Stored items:

________

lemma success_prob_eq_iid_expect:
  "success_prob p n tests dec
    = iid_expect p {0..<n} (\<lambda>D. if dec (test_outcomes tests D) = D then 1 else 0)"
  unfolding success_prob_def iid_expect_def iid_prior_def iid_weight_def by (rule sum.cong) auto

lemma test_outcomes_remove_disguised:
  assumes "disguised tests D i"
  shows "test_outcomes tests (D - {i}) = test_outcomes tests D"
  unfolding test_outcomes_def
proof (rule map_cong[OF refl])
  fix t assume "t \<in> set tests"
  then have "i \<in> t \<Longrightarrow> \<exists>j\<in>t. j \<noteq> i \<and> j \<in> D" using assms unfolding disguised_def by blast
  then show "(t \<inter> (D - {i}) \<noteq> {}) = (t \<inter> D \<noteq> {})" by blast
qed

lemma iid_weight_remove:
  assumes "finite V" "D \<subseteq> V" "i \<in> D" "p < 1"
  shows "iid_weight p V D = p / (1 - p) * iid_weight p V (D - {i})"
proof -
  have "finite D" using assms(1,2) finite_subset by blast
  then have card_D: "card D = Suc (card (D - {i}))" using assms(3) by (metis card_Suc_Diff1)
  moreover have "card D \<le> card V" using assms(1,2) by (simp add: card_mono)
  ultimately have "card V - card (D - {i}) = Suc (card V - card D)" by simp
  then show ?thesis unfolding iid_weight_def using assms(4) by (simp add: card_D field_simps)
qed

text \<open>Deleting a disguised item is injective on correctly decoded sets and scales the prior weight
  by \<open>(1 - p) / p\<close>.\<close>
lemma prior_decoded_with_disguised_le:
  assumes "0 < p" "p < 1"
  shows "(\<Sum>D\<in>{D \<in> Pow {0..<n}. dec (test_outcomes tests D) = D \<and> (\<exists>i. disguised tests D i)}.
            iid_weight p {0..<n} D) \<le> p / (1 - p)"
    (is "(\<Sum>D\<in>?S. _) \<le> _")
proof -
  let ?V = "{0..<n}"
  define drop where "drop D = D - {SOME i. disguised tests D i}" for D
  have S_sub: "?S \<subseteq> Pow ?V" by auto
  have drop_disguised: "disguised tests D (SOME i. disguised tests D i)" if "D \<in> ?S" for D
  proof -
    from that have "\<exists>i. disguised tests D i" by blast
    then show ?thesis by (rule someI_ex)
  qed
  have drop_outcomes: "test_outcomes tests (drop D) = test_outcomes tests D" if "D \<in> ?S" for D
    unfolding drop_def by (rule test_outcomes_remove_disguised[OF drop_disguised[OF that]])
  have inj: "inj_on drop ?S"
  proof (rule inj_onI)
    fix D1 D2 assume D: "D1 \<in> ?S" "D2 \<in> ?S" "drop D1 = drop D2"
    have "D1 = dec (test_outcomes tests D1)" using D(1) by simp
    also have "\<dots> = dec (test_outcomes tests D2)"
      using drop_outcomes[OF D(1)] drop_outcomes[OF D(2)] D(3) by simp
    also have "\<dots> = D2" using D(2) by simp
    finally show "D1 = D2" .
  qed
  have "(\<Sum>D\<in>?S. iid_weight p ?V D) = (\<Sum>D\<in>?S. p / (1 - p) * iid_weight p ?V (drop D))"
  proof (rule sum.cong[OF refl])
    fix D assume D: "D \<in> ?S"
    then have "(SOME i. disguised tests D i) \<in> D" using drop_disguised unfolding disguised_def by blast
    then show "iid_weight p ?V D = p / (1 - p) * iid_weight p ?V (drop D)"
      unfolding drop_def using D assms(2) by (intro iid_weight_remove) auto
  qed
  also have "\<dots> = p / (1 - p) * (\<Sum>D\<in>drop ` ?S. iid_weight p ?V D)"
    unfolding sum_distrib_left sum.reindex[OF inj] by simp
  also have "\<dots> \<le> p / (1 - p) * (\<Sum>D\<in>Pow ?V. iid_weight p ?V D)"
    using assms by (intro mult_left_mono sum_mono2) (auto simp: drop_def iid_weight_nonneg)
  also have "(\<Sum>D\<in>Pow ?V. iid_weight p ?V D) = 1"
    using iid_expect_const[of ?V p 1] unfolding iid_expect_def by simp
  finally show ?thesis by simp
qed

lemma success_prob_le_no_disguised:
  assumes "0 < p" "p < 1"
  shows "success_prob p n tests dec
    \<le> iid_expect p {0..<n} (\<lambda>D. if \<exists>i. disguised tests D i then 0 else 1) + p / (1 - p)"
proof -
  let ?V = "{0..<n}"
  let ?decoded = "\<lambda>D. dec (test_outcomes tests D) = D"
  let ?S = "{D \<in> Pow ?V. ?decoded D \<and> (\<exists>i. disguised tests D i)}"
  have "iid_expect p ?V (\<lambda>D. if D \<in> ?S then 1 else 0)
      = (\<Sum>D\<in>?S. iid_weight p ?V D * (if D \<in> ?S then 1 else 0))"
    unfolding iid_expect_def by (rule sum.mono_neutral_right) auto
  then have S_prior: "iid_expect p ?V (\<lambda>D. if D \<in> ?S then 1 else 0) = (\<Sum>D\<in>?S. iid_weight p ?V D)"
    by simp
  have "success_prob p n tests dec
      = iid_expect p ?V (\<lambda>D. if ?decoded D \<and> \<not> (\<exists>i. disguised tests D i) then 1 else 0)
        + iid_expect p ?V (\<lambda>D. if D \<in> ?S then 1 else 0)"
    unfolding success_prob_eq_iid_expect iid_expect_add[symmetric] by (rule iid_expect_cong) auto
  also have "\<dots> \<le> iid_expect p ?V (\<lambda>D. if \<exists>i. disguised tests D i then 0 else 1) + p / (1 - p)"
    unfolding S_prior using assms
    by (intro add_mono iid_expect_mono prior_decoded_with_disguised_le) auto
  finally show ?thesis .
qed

________

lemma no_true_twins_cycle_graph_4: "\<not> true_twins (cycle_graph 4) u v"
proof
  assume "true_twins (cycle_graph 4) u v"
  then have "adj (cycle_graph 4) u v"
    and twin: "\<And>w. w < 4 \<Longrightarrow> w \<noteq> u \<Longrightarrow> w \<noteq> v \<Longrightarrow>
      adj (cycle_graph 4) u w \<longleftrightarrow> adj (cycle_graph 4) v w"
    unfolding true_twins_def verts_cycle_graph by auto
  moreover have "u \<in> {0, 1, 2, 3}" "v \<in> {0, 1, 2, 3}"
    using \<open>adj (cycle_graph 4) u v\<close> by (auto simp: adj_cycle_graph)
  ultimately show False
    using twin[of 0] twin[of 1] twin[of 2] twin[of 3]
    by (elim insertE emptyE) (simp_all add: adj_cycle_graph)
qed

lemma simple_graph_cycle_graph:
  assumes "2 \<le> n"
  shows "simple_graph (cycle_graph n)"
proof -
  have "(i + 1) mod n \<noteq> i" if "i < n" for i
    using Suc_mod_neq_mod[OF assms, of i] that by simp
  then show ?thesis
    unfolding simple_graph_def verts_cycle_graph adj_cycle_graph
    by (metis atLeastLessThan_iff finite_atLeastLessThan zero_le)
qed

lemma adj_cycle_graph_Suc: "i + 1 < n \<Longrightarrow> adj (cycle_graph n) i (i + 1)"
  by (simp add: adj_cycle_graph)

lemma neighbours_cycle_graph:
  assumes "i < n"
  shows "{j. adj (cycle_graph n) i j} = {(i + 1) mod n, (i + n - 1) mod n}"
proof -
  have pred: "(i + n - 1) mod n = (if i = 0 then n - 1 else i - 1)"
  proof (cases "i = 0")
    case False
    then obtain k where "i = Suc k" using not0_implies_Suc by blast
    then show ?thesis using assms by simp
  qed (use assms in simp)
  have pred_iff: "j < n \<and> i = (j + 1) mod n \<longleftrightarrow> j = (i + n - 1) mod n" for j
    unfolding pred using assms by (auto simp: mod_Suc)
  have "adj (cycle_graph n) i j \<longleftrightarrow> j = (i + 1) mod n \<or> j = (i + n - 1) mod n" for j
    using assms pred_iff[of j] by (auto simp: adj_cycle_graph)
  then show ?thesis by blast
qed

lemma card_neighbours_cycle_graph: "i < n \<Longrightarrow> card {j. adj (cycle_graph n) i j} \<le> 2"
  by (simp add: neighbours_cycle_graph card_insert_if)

________

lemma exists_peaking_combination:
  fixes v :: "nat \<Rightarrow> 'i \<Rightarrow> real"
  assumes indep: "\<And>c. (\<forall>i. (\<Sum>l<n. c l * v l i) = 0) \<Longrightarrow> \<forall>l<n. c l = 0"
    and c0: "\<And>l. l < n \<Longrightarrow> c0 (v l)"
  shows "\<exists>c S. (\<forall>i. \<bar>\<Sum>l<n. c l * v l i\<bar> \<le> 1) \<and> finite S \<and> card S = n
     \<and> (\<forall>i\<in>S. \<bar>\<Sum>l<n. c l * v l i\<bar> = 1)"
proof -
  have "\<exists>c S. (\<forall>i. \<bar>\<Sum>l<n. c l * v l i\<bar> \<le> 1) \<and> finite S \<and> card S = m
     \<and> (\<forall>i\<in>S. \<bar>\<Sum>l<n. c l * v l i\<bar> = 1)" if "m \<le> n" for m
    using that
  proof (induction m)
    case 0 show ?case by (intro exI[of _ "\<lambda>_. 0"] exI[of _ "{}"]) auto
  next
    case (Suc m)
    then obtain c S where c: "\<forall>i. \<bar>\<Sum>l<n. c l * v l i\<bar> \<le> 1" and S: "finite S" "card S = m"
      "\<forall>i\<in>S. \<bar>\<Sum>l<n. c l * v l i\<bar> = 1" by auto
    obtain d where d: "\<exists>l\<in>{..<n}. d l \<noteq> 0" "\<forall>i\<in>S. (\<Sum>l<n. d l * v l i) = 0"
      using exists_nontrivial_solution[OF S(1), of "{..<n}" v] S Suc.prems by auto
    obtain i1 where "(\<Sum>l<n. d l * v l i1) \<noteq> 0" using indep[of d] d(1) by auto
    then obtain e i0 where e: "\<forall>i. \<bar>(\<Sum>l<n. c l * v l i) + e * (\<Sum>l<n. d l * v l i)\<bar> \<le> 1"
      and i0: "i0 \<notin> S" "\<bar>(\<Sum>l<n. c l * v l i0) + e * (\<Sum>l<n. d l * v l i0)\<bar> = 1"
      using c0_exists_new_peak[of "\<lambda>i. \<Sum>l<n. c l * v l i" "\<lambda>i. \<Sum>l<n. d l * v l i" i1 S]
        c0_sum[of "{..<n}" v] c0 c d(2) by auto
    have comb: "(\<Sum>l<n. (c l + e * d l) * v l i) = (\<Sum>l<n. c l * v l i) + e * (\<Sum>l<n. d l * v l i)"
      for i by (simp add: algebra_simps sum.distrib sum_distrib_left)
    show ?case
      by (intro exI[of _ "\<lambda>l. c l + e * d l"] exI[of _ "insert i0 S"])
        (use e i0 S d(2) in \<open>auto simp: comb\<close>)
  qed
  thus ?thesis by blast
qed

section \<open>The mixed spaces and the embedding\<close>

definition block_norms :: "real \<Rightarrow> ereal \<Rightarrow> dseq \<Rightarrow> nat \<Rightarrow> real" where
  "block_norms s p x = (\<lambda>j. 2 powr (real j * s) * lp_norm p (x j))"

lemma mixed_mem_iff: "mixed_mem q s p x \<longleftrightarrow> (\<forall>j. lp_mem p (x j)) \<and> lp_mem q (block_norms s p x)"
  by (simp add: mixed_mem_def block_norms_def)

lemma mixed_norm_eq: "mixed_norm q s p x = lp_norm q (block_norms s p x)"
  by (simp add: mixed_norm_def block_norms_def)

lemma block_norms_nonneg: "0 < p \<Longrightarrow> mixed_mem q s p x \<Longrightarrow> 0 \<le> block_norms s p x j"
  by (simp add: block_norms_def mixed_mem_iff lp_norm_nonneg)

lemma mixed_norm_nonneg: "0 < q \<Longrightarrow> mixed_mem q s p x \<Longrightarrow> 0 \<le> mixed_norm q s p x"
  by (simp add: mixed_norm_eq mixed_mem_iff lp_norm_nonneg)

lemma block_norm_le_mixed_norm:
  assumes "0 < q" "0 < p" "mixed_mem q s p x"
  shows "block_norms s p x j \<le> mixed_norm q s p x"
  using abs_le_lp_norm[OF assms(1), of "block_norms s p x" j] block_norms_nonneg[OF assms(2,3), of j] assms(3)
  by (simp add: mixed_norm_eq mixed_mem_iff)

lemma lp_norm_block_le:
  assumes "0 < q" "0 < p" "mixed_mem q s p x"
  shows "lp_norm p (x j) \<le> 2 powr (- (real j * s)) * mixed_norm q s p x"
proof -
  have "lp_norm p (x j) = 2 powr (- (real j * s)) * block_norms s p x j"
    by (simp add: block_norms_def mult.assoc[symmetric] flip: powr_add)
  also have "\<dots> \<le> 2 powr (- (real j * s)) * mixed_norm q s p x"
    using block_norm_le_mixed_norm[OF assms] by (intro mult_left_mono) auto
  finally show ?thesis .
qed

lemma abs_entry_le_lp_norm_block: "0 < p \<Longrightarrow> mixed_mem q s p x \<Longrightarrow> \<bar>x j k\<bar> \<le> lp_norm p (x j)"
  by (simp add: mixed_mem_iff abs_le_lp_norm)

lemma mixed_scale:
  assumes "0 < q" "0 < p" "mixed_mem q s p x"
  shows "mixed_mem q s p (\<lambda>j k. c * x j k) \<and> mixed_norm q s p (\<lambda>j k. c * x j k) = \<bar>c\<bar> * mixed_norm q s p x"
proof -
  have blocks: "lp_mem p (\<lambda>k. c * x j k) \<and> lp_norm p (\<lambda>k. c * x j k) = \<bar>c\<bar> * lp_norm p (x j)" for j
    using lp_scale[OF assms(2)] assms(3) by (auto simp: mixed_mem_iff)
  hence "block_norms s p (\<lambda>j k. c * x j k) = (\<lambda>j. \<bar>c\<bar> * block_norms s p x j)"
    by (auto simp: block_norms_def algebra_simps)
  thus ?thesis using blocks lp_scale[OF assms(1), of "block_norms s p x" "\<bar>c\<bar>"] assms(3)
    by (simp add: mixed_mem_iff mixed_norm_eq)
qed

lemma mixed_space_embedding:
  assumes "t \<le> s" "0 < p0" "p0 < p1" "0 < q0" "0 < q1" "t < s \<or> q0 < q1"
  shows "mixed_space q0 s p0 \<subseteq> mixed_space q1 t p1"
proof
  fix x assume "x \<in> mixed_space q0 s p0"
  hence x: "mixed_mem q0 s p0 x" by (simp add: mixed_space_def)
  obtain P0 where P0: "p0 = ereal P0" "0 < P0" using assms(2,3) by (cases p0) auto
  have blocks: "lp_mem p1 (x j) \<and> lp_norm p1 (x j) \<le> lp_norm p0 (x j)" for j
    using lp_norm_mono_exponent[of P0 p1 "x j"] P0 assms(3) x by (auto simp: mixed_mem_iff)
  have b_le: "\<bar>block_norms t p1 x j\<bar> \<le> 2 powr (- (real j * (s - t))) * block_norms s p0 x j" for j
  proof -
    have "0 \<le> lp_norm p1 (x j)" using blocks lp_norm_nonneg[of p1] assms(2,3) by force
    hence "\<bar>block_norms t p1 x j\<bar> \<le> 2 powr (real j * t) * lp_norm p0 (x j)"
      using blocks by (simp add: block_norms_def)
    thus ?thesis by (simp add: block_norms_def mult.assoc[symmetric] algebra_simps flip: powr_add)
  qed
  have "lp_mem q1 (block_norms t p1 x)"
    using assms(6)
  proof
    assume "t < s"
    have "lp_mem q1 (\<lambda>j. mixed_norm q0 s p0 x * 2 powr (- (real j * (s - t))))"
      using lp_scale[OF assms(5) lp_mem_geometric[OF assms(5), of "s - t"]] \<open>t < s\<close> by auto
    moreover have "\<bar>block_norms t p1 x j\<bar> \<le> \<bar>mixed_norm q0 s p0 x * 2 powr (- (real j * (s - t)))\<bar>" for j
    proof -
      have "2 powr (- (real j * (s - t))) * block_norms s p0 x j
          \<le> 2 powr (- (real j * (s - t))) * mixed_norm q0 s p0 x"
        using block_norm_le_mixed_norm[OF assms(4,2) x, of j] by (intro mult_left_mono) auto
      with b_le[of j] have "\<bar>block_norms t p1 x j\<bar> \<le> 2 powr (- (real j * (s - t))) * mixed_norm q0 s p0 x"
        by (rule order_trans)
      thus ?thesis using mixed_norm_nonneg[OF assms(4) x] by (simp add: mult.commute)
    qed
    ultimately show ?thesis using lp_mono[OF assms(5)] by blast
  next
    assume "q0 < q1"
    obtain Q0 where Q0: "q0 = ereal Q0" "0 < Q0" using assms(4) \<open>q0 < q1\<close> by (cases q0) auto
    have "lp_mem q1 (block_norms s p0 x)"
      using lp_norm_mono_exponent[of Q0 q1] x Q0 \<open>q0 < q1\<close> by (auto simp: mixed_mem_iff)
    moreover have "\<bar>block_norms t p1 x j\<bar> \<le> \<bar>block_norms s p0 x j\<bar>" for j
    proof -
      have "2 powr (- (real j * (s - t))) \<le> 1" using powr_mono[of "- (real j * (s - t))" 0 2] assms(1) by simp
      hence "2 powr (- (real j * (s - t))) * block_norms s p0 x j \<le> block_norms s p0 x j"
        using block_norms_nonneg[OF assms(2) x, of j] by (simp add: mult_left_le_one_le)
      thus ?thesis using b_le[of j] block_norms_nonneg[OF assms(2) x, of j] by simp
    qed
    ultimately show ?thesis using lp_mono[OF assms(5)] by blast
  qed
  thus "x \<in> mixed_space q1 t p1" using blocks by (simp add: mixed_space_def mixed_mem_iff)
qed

________

:: Action item ::
What is needed is every line from the data above that includes the string "close", copied out.

:: Output below ::
  by \<open>(1 - p) / p\<close>.\<close>
    using \<open>adj (cycle_graph 4) u v\<close> by (auto simp: adj_cycle_graph)
        (use e i0 S d(2) in \<open>auto simp: comb\<close>)
section \<open>The mixed spaces and the embedding\<close>
      using lp_scale[OF assms(5) lp_mem_geometric[OF assms(5), of "s - t"]] \<open>t < s\<close> by auto
    obtain Q0 where Q0: "q0 = ereal Q0" "0 < Q0" using assms(4) \<open>q0 < q1\<close> by (cases q0) auto
      using lp_norm_mono_exponent[of Q0 q1] x Q0 \<open>q0 < q1\<close> by (auto simp: mixed_mem_iff)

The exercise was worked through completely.